-- Raw data follows --
lemma indep_gap_le_1_if_claw_free_twoP3_free:
  assumes "simple_graph S E"
    and "\<not> has_induced S E claw_V claw_E" "\<not> has_induced S E twoP3_V twoP3_E"
  shows "indep_gap S E \<le> 1"
proof -
  have "finite S" using assms(1) unfolding simple_graph_def by blast
  obtain J where "independent_set S E J" "card J = alpha S E"
    using alpha_attained[OF \<open>finite S\<close>] .
  moreover obtain I where "maximal_independent_set S E I" "card I = indep_domination S E"
    using indep_domination_attained[OF \<open>finite S\<close>] .
  ultimately show ?thesis
    using card_independent_le_Suc_card_maximal[OF assms] unfolding indep_gap_def by force
qed

theorem mainTheorem10:
  fixes V :: "'a set" and E :: "'a \<Rightarrow> 'a \<Rightarrow> bool"
  assumes "simple_graph V E"
  shows "hered_indep_gap V E \<le> 1 \<longleftrightarrow>
           \<not> has_induced V E claw_V claw_E \<and> \<not> has_induced V E twoP3_V twoP3_E"
proof -
  have "finite V" using assms unfolding simple_graph_def by blast
  then have "hered_indep_gap V E \<le> 1 \<longleftrightarrow> (\<forall>S\<subseteq>V. indep_gap S E \<le> 1)"
    by (rule hered_indep_gap_le_iff)
  also have "\<dots> \<longleftrightarrow> \<not> has_induced V E claw_V claw_E \<and> \<not> has_induced V E twoP3_V twoP3_E"
  proof (intro iffI conjI notI allI impI)
    assume gap: "\<forall>S\<subseteq>V. indep_gap S E \<le> 1"
    show False if "has_induced V E claw_V claw_E"
    proof -
      from indep_gap_ge_2_if_has_induced_claw[OF that]
      obtain S where "S \<subseteq> V" "indep_gap S E \<ge> 2" by blast
      with gap[rule_format, OF \<open>S \<subseteq> V\<close>] show False by linarith
    qed
    show False if "has_induced V E twoP3_V twoP3_E"
    proof -
      from indep_gap_ge_2_if_has_induced_twoP3[OF that]
      obtain S where "S \<subseteq> V" "indep_gap S E \<ge> 2" by blast
      with gap[rule_format, OF \<open>S \<subseteq> V\<close>] show False by linarith
    qed
  next
    fix S assume "S \<subseteq> V"
      and "\<not> has_induced V E claw_V claw_E \<and> \<not> has_induced V E twoP3_V twoP3_E"
    then show "indep_gap S E \<le> 1"
      using has_induced_mono[OF \<open>S \<subseteq> V\<close>]
      by (intro indep_gap_le_1_if_claw_free_twoP3_free simple_graph_subset[OF assms]) blast+
  qed
  finally show ?thesis .
qed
-- Raw data concluded --
### [Exercise description]
Give back each entry above precisely as it was written.

### [Answer space]
lemma indep_gap_le_1_if_claw_free_twoP3_free:
  assumes "simple_graph S E"
    and "\<not> has_induced S E claw_V claw_E" "\<not> has_induced S E twoP3_V twoP3_E"
  shows "indep_gap S E \<le> 1"
proof -
  have "finite S" using assms(1) unfolding simple_graph_def by blast
  obtain J where "independent_set S E J" "card J = alpha S E"
    using alpha_attained[OF \<open>finite S\<close>] .
  moreover obtain I where "maximal_independent_set S E I" "card I = indep_domination S E"
    using indep_domination_attained[OF \<open>finite S\<close>] .
  ultimately show ?thesis
    using card_independent_le_Suc_card_maximal[OF assms] unfolding indep_gap_def by force
qed

theorem mainTheorem10:
  fixes V :: "'a set" and E :: "'a \<Rightarrow> 'a \<Rightarrow> bool"
  assumes "simple_graph V E"
  shows "hered_indep_gap V E \<le> 1 \<longleftrightarrow>
           \<not> has_induced V E claw_V claw_E \<and> \<not> has_induced V E twoP3_V twoP3_E"
proof -
  have "finite V" using assms unfolding simple_graph_def by blast
  then have "hered_indep_gap V E \<le> 1 \<longleftrightarrow> (\<forall>S\<subseteq>V. indep_gap S E \<le> 1)"
    by (rule hered_indep_gap_le_iff)
  also have "\<dots> \<longleftrightarrow> \<not> has_induced V E claw_V claw_E \<and> \<not> has_induced V E twoP3_V twoP3_E"
  proof (intro iffI conjI notI allI impI)
    assume gap: "\<forall>S\<subseteq>V. indep_gap S E \<le> 1"
    show False if "has_induced V E claw_V claw_E"
    proof -
      from indep_gap_ge_2_if_has_induced_claw[OF that]
      obtain S where "S \<subseteq> V" "indep_gap S E \<ge> 2" by blast
      with gap[rule_format, OF \<open>S \<subseteq> V\<close>] show False by linarith
    qed
    show False if "has_induced V E twoP3_V twoP3_E"
    proof -
      from indep_gap_ge_2_if_has_induced_twoP3[OF that]
      obtain S where "S \<subseteq> V" "indep_gap S E \<ge> 2" by blast
      with gap[rule_format, OF \<open>S \<subseteq> V\<close>] show False by linarith
    qed
  next
    fix S assume "S \<subseteq> V"
      and "\<not> has_induced V E claw_V claw_E \<and> \<not> has_induced V E twoP3_V twoP3_E"
    then show "indep_gap S E \<le> 1"
      using has_induced_mono[OF \<open>S \<subseteq> V\<close>]
      by (intro indep_gap_le_1_if_claw_free_twoP3_free simple_graph_subset[OF assms]) blast+
  qed
  finally show ?thesis .
qed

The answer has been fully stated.